They Shall Not Grow Old Movie review

“They Shall Not Grow Old” is a film-making marvel and a technological achievement. But much, much more than that: this movie is a tribute and a salute of honor to the many British soldiers who went off to fight in World War I. Many of these brave lads never returned, and ‘they shall not grow old’. Director Peter Jackson has taken actual movie footage from the historical era and transformed it to a documentary that explores the horrors of trench warfare. He has taken hundreds of hours of old footage, along with hundreds of hours of audio interviews – and with this raw material, he has created a fully immersive look at what the average ‘doughboy’ actually experienced at the Front. Working with The Imperial War Museum and the BBC, Jackson has taken and then digitized, colorized and did a 3-D conversion a whole lot of rough grainy badly-shot movie footage. The result is a very informative and in engaging peek into what happened over one hundred years ago.

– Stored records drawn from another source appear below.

(* Let $D$ be a finite group with $d=|D|\geq2$, and let $\overline{\Gamma}$ be the undirected graph whose vertices are the finitely supported functions $f:\Z\to D$, two vertices being adjacent iff they differ at exactly one point of $\Z$. Let $X$ be a finite subgraph of $\overline{\Gamma}$ with $V\ge1$ vertices. Then $X$ has at most $\frac{d-1}{2}V\log_d(V)$ edges, and equality holds only if $X$ is a $d$-ary hypercube, i.e. there exist a finite set $C\subset\Z$ and a finitely supported $h:\Z\to D$ such that $V(X)=\{g:g(x)=h(x)\ \forall x\notin C\}$ and $X$ contains every edge of $\overline{\Gamma}$ between vertices of $V(X)$.
   Context: A finitely supported function $f:\Z\to D$ is one with $\{x:f(x)\neq\mathrm{Id}_D\}$ finite. *)

theory Defs
  imports Complex_Main "HOL-Library.Cardinality"
begin

text \<open>The finite group D is a type of class group_add (identity 0), finite.
  Vertices of Gamma-bar: finitely supported functions int => D.\<close>

definition fin_supp :: "(int \<Rightarrow> 'd::group_add) \<Rightarrow> bool" where
  "fin_supp f \<longleftrightarrow> finite {x. f x \<noteq> 0}"

definition gb_adj :: "(int \<Rightarrow> 'd) \<Rightarrow> (int \<Rightarrow> 'd) \<Rightarrow> bool" where
  "gb_adj f g \<longleftrightarrow> (\<exists>!x. f x \<noteq> g x)"

definition gb_edges_on :: "(int \<Rightarrow> 'd::group_add) set \<Rightarrow> (int \<Rightarrow> 'd) set set" where
  "gb_edges_on S = {{f, g} | f g. f \<in> S \<and> g \<in> S \<and> fin_supp f \<and> fin_supp g \<and> gb_adj f g}"

end

theory Submission
  imports Defs
begin

(* Induct on the number of vertices. Choose a coordinate x on which the vertex set S is not
   constant and cut S into the fibers {f. f x = a}. Edges inside a fiber are bounded by
   induction. An edge leaving its fiber joins f to another point of the x-line through f, so f
   lies on at most beta f - 1 such edges, beta f being the size of that line, and concavity of
   log gives beta - 1 <= (d - 1) log_d beta. Writing alpha f for the size of the fiber of f, the
   total is then at most (d - 1)/2 * sum_f log_d (alpha f * beta f). A vertex is determined by
   one point of its fiber and one point of its line, so sum_f alpha f * beta f <= |S|^2, and
   ln t <= t - 1 turns this into sum_f log_d (alpha f * beta f) <= |S| log_d |S|.
   If the bound is attained, every estimate is tight: alpha f * beta f = |S| and beta f = d, so
   all x-lines are full, all their edges are present, and by induction every fiber is a cube
   carrying all its edges; hence so is S. *)

lemma log_chord_less:
  fixes b m :: real
  assumes "1 < m" "m < b"
  shows "m - 1 < (b - 1) * log b m"
proof -
  \<comment> \<open>g vanishes at 1 and b and g' is strictly decreasing, so the mean value theorem on
    [1, m] and [m, b] makes g m positive\<close>
  define g where "g t = (b - 1) * ln t - (t - 1) * ln b" for t
  have deriv: "DERIV g t :> (b - 1) / t - ln b" if "0 < t" for t
    unfolding g_def using that by (auto intro!: derivative_eq_intros simp: field_simps)
  have "g 1 = 0" "g b = 0" by (simp_all add: g_def)
  obtain z1 where z1: "1 < z1" "z1 < m" "g m = (m - 1) * ((b - 1) / z1 - ln b)"
    using MVT2[OF assms(1), of g "\<lambda>t. (b - 1) / t - ln b"] deriv \<open>g 1 = 0\<close> by force
  obtain z2 where z2: "m < z2" "z2 < b" "- g m = (b - m) * ((b - 1) / z2 - ln b)"
    using MVT2[OF assms(2), of g "\<lambda>t. (b - 1) / t - ln b"] deriv \<open>g b = 0\<close> assms by force
  have "(b - 1) / z2 < (b - 1) / z1"
    using z1 z2 assms by (intro divide_strict_left_mono) auto
  have "0 < (b - 1) / z1 - ln b"
  proof (rule ccontr)
    assume "\<not> ?thesis"
    then have "g m \<le> 0" "- g m < 0"
      using z1 z2 \<open>(b - 1) / z2 < (b - 1) / z1\<close> by (auto intro: mult_nonneg_nonpos mult_pos_neg)
    then show False by simp
  qed
  then have "0 < g m"
    using z1 by simp
  moreover have "0 < ln b" using assms by simp
  ultimately show ?thesis by (simp add: g_def log_def field_simps)
qed

lemma log_chord_le:
  fixes b m :: real
  assumes "1 < b" "1 \<le> m" "m \<le> b"
  shows "m - 1 \<le> (b - 1) * log b m"
  using log_chord_less[of m b] assms by (cases "m = 1 \<or> m = b") auto

lemma sum_log_le_card_mult_log:
  fixes p :: "'i \<Rightarrow> real"
  assumes "1 < b" "finite I" "0 < N" "\<And>i. i \<in> I \<Longrightarrow> 0 < p i" "sum p I \<le> real (card I) * N"
  shows "(\<Sum>i\<in>I. log b (p i)) \<le> real (card I) * log b N"
    and "(\<Sum>i\<in>I. log b (p i)) = real (card I) * log b N \<Longrightarrow> i \<in> I \<Longrightarrow> p i = N"
proof -
  have ln_b: "0 < ln b" using assms(1) by simp
  have ln_ratio: "ln (p i / N) = ln b * (log b (p i) - log b N)" if "i \<in> I" for i
    using assms(3) assms(4)[OF that] ln_b by (simp add: log_def ln_div field_simps)
  have term_le: "ln b * (log b (p i) - log b N) \<le> p i / N - 1" if "i \<in> I" for i
    using ln_le_minus_one[of "p i / N"] assms(3) assms(4)[OF that] ln_ratio[OF that] by simp
  have sum_lhs: "(\<Sum>i\<in>I. ln b * (log b (p i) - log b N)) = ln b * ((\<Sum>i\<in>I. log b (p i)) - real (card I) * log b N)"
    by (simp add: sum_distrib_left[symmetric] sum_subtractf)
  have sum_rhs: "(\<Sum>i\<in>I. p i / N - 1) \<le> 0"
    using assms(3,5) by (simp add: sum_subtractf sum_divide_distrib[symmetric] divide_le_eq mult.commute)
  have sum_le: "(\<Sum>i\<in>I. ln b * (log b (p i) - log b N)) \<le> (\<Sum>i\<in>I. p i / N - 1)"
    using term_le by (rule sum_mono)
  have "ln b * ((\<Sum>i\<in>I. log b (p i)) - real (card I) * log b N) \<le> 0"
    using sum_le sum_lhs sum_rhs by linarith
  then show "(\<Sum>i\<in>I. log b (p i)) \<le> real (card I) * log b N"
    using ln_b by (simp add: mult_le_0_iff)
  assume "(\<Sum>i\<in>I. log b (p i)) = real (card I) * log b N" "i \<in> I"
  then have "ln b * (log b (p i) - log b N) = p i / N - 1"
    using sum_le sum_lhs sum_rhs by (intro sum_mono_inv[OF _ term_le _ assms(2)]) auto
  then have "ln (p i / N) = p i / N - 1"
    using ln_ratio \<open>i \<in> I\<close> by simp
  then show "p i = N"
    using ln_eq_minus_one[of "p i / N"] assms(3) assms(4)[OF \<open>i \<in> I\<close>] \<open>i \<in> I\<close> by simp
qed

definition fiber :: "('a \<Rightarrow> 'b) set \<Rightarrow> 'a \<Rightarrow> 'b \<Rightarrow> ('a \<Rightarrow> 'b) set" where
  "fiber S x a = {f \<in> S. f x = a}"

definition line :: "('a \<Rightarrow> 'b) set \<Rightarrow> 'a \<Rightarrow> ('a \<Rightarrow> 'b) \<Rightarrow> ('a \<Rightarrow> 'b) set" where
  "line S x f = {g \<in> S. \<forall>y. y \<noteq> x \<longrightarrow> g y = f y}"

definition cube :: "'a set \<Rightarrow> ('a \<Rightarrow> 'b) \<Rightarrow> ('a \<Rightarrow> 'b) set" where
  "cube C h = {g. \<forall>y. y \<notin> C \<longrightarrow> g y = h y}"

definition cross_edges :: "('a \<Rightarrow> 'b) set set \<Rightarrow> 'a \<Rightarrow> ('a \<Rightarrow> 'b) set set" where
  "cross_edges E x = {e \<in> E. \<exists>u\<in>e. \<exists>v\<in>e. u x \<noteq> v x}"

lemma fiber_subset: "fiber S x a \<subseteq> S"
  by (auto simp: fiber_def)

lemma line_subset: "line S x f \<subseteq> S"
  by (auto simp: line_def)

lemma finite_fiber: "finite S \<Longrightarrow> finite (fiber S x a)"
  by (rule finite_subset[OF fiber_subset])

lemma finite_line: "finite S \<Longrightarrow> finite (line S x f)"
  by (rule finite_subset[OF line_subset])

lemma line_subset_range_upd: "line S x f \<subseteq> range (\<lambda>a. f(x := a))"
proof
  fix g assume "g \<in> line S x f"
  then have "g = f(x := g x)" by (auto simp: line_def fun_eq_iff)
  then show "g \<in> range (\<lambda>a. f(x := a))" by blast
qed

lemma card_line_le: "card (line S x f) \<le> CARD('b)"
  for f :: "'a \<Rightarrow> 'b::finite"
proof -
  have "card (line S x f) \<le> card (range (\<lambda>a. f(x := a)))"
    by (intro card_mono line_subset_range_upd) simp
  also have "\<dots> \<le> CARD('b)" by (rule card_image_le) simp
  finally show ?thesis .
qed

lemma card_line_ge_1:
  assumes "finite S" "f \<in> S"
  shows "1 \<le> card (line S x f)"
proof -
  have "f \<in> line S x f" using assms(2) by (simp add: line_def)
  then show ?thesis using finite_line[OF assms(1)] by (simp add: Suc_le_eq card_gt_0_iff) blast
qed

lemma card_fiber_less:
  assumes "finite S" "f \<in> S" "g \<in> S" "f x \<noteq> g x"
  shows "card (fiber S x a) < card S"
proof -
  have "fiber S x a \<noteq> S"
    using assms(2-4) unfolding fiber_def by (metis (mono_tags, lifting) mem_Collect_eq)
  then show ?thesis using assms(1) fiber_subset by (metis psubsetI psubset_card_mono)
qed

lemma sum_by_fiber:
  fixes g :: "'b::finite \<Rightarrow> 'c::comm_semiring_1"
  assumes "finite S"
  shows "(\<Sum>f\<in>S. g (f x)) = (\<Sum>a\<in>UNIV. of_nat (card (fiber S x a)) * g a)"
proof -
  have "(\<Sum>f\<in>S. g (f x)) = (\<Sum>a\<in>UNIV. \<Sum>f\<in>fiber S x a. g (f x))"
    using sum.group[OF assms, of UNIV "\<lambda>f. f x" "\<lambda>f. g (f x)"] by (simp add: fiber_def)
  also have "\<dots> = (\<Sum>a\<in>UNIV. of_nat (card (fiber S x a)) * g a)"
    by (intro sum.cong refl) (simp add: fiber_def)
  finally show ?thesis .
qed

(* A vertex is determined by its value at x and its values off x, so the triples (f, g, h)
   with g in the fiber and h on the line through f inject into S \<times> S. *)

lemma sum_card_fiber_mult_card_line_le:
  assumes "finite S"
  shows "(\<Sum>f\<in>S. card (fiber S x (f x)) * card (line S x f)) \<le> card S * card S"
proof -
  let ?T = "SIGMA f:S. fiber S x (f x) \<times> line S x f"
  have "(\<Sum>f\<in>S. card (fiber S x (f x)) * card (line S x f)) = card ?T"
    using assms by (simp add: card_SigmaI card_cartesian_product finite_fiber finite_line)
  also have "\<dots> \<le> card (S \<times> S)"
  proof (rule card_inj_on_le)
    show "inj_on snd ?T"
    proof (rule inj_onI)
      fix p q assume p: "p \<in> ?T" and q: "q \<in> ?T" and "snd p = snd q"
      obtain f g h f' where "p = (f, g, h)" "q = (f', g, h)"
        using \<open>snd p = snd q\<close> by (cases p, cases q) auto
      with p q have "f x = f' x" "\<forall>y. y \<noteq> x \<longrightarrow> f y = f' y"
        by (auto simp: fiber_def line_def)
      then have "f = f'" by (metis ext)
      with \<open>p = (f, g, h)\<close> \<open>q = (f', g, h)\<close> show "p = q" by simp
    qed
    show "snd ` ?T \<subseteq> S \<times> S" using fiber_subset line_subset by fastforce
  qed (use assms in simp)
  finally show ?thesis by (simp add: card_cartesian_product)
qed

lemma sum_log_card_fiber_line_le:
  assumes "1 < b" "finite S" "S \<noteq> {}"
  shows "(\<Sum>f\<in>S. log b (card (fiber S x (f x)))) + (\<Sum>f\<in>S. log b (card (line S x f)))
      \<le> card S * log b (card S)"
    and "(\<Sum>f\<in>S. log b (card (fiber S x (f x)))) + (\<Sum>f\<in>S. log b (card (line S x f)))
        = card S * log b (card S)
      \<Longrightarrow> f \<in> S \<Longrightarrow> card (fiber S x (f x)) * card (line S x f) = card S"
proof -
  define p where "p f = real (card (fiber S x (f x))) * real (card (line S x f))" for f
  have p_pos: "0 < p f" if "f \<in> S" for f
  proof -
    have "f \<in> fiber S x (f x)" using that by (simp add: fiber_def)
    then have "0 < card (fiber S x (f x))"
      using finite_fiber[OF assms(2)] card_gt_0_iff by blast
    then show ?thesis
      using card_line_ge_1[OF assms(2) that, where x = x] by (simp add: p_def)
  qed
  have sum_log: "(\<Sum>f\<in>S. log b (p f))
      = (\<Sum>f\<in>S. log b (card (fiber S x (f x)))) + (\<Sum>f\<in>S. log b (card (line S x f)))"
    using p_pos by (simp add: p_def log_mult_pos sum.distrib[symmetric] zero_less_mult_iff)
  have "(\<Sum>f\<in>S. card (fiber S x (f x)) * card (line S x f)) \<le> card S * card S"
    using assms(2) by (rule sum_card_fiber_mult_card_line_le)
  then have "real (\<Sum>f\<in>S. card (fiber S x (f x)) * card (line S x f)) \<le> real (card S * card S)"
    by (rule of_nat_mono)
  then have sum_p: "sum p S \<le> real (card S) * real (card S)"
    by (simp add: p_def)
  have card_pos: "0 < real (card S)"
    using assms(2,3) by (simp add: card_gt_0_iff)
  show "(\<Sum>f\<in>S. log b (card (fiber S x (f x)))) + (\<Sum>f\<in>S. log b (card (line S x f)))
      \<le> card S * log b (card S)"
    using sum_log_le_card_mult_log(1)[OF assms(1,2) card_pos p_pos sum_p] sum_log by simp
  assume "(\<Sum>f\<in>S. log b (card (fiber S x (f x)))) + (\<Sum>f\<in>S. log b (card (line S x f)))
      = card S * log b (card S)" and "f \<in> S"
  then have "p f = real (card S)"
    using sum_log_le_card_mult_log(2)[OF assms(1,2) card_pos p_pos sum_p] sum_log by simp
  then show "card (fiber S x (f x)) * card (line S x f) = card S"
    unfolding p_def of_nat_mult[symmetric] of_nat_eq_iff .
qed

The original movie cameras back at time produced some very poor quality footage. The film in the camera was over cranked, meaning the speed when projected back later was too fast and jerky. The film was not meant to last forever, so there are many places where it has faded and has accumulated dust particles. Even with this as a starting point, Peter Jackson has gotten some of the most talented film restoration and production people involved in restoring hours of film – frame by frame. His final result becomes a slow build up to the central part – the reconstructed view of the Front Line in World War I.

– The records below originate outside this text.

lemma shields_translated:
  assumes "subshift X" "cellular_automaton X F"
    and wall: "shields X F B k i"
    and xy: "x \<in> cylinder X B (p - int k)" "y \<in> cylinder X B (p - int k)"
    and "n \<ge> 1" "\<bar>j - p\<bar> \<le> int i"
  shows "(F ^^ n) x j = (F ^^ n) y j"
proof -
  have "x \<in> X" "y \<in> X" using xy cylinder_subset by blast+
  then have "shift_by p x \<in> cylinder X B (- int k)" "shift_by p y \<in> cylinder X B (- int k)"
    using xy shift_by_in_cylinder_iff[OF assms(1)] by simp_all
  then have "agree i ((F ^^ n) (shift_by p x)) ((F ^^ n) (shift_by p y))"
    using wall \<open>n \<ge> 1\<close> unfolding shields_def by blast
  then have "agree i (shift_by p ((F ^^ n) x)) (shift_by p ((F ^^ n) y))"
    using ca_funpow_shift_by_commute[OF assms(1,2)] \<open>x \<in> X\<close> \<open>y \<in> X\<close> by simp
  then have "shift_by p ((F ^^ n) x) (j - p) = shift_by p ((F ^^ n) y) (j - p)"
    using \<open>\<bar>j - p\<bar> \<le> int i\<close> unfolding agree_def by blast
  then show ?thesis by (simp add: shift_by_def)
qed

lemma shields_between_walls:
  assumes ss: "subshift X" and ca: "cellular_automaton X F"
    and "is_radius X F r" "r \<le> 2 * i + 1"
    and wall: "shields X F B k i"
    and left: "x \<in> cylinder X B (q - int k)" "y \<in> cylinder X B (q - int k)"
    and right: "x \<in> cylinder X B (p - int k)" "y \<in> cylinder X B (p - int k)"
    and between: "\<And>j. q - int i \<le> j \<Longrightarrow> j \<le> p + int i \<Longrightarrow> x j = y j"
  shows "q - int i \<le> j \<Longrightarrow> j \<le> p + int i \<Longrightarrow> (F ^^ n) x j = (F ^^ n) y j"
proof (induction n arbitrary: j)
  case 0
  then show ?case using between by simp
next
  case (Suc n)
  have "x \<in> X" "y \<in> X" using left cylinder_subset by blast+
  consider "\<bar>j - p\<bar> \<le> int i" | "\<bar>j - q\<bar> \<le> int i" | "q + int i < j" "j < p - int i"
    using Suc.prems by linarith
  then show ?case
  proof cases
    case 1
    then show ?thesis using shields_translated[OF ss ca wall right, of "Suc n" j] by simp
  next
    case 2
    then show ?thesis using shields_translated[OF ss ca wall left, of "Suc n" j] by simp
  next
    case 3
    \<comment> \<open>Since \<open>r \<le> 2 * i + 1\<close>, the radius-\<open>r\<close> neighbourhood of \<open>j\<close> stays between the walls.\<close>
    have "(F ^^ n) x (j + m) = (F ^^ n) y (j + m)" if "- int r \<le> m" "m \<le> int r" for m
      using that 3 \<open>r \<le> 2 * i + 1\<close> by (intro Suc.IH) auto
    then show ?thesis
      using radius_local[OF \<open>is_radius X F r\<close>] ca_funpow_maps_into[OF ca] \<open>x \<in> X\<close> \<open>y \<in> X\<close>
      by simp
  qed
qed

The beginning is shown in the overly fast-speed and poor quality images of London prior to WWI. When war comes, it is publicized in every way that England needs to fight to exist, and to keep Europe free. With the soundtrack repeating story after story of many under aged fellows getting into the service, it shows how they trained to be a fighting force. Soon, they are over in Belgium and France, and it is obvious that the bombing and shelling has taken a toll. At one point, the black and white image turns into a colorized version. The troops meet their new home in the trenches. They know there are German soldier only dozens of yards away. There is a deadly bog of twisted barbed wire and mines that make up a dreaded “No Man’s Land” between the two sides. Enemy snipers are always ready to take out a soldier who might peek over the side of the trench at the wrong time. There are massive bombardments of mortars and grenades, and these things make for an unpleasant place to be.

It is very odd to see images from over one hundred years ago with this level of sharpness and clarity. The extra added color in many of the scenes add to the depth of experience that you are watching recent newsreel footage. Some of the stories told by the men who served there are stark and full of vivid detail. Most of them contain terrible descriptions of the conditions and the results of the battles fought. Many people died, on both sides. The loss of life was staggering, but almost all the British soldiers did what they know how to do. They carried on. They ate and drank tea, and they would sing bawdy songs, such as “Mademoiselle from Armentières”. But mostly they fought in the “Great War”, because this was the “War to End All Wars”. Little did they know…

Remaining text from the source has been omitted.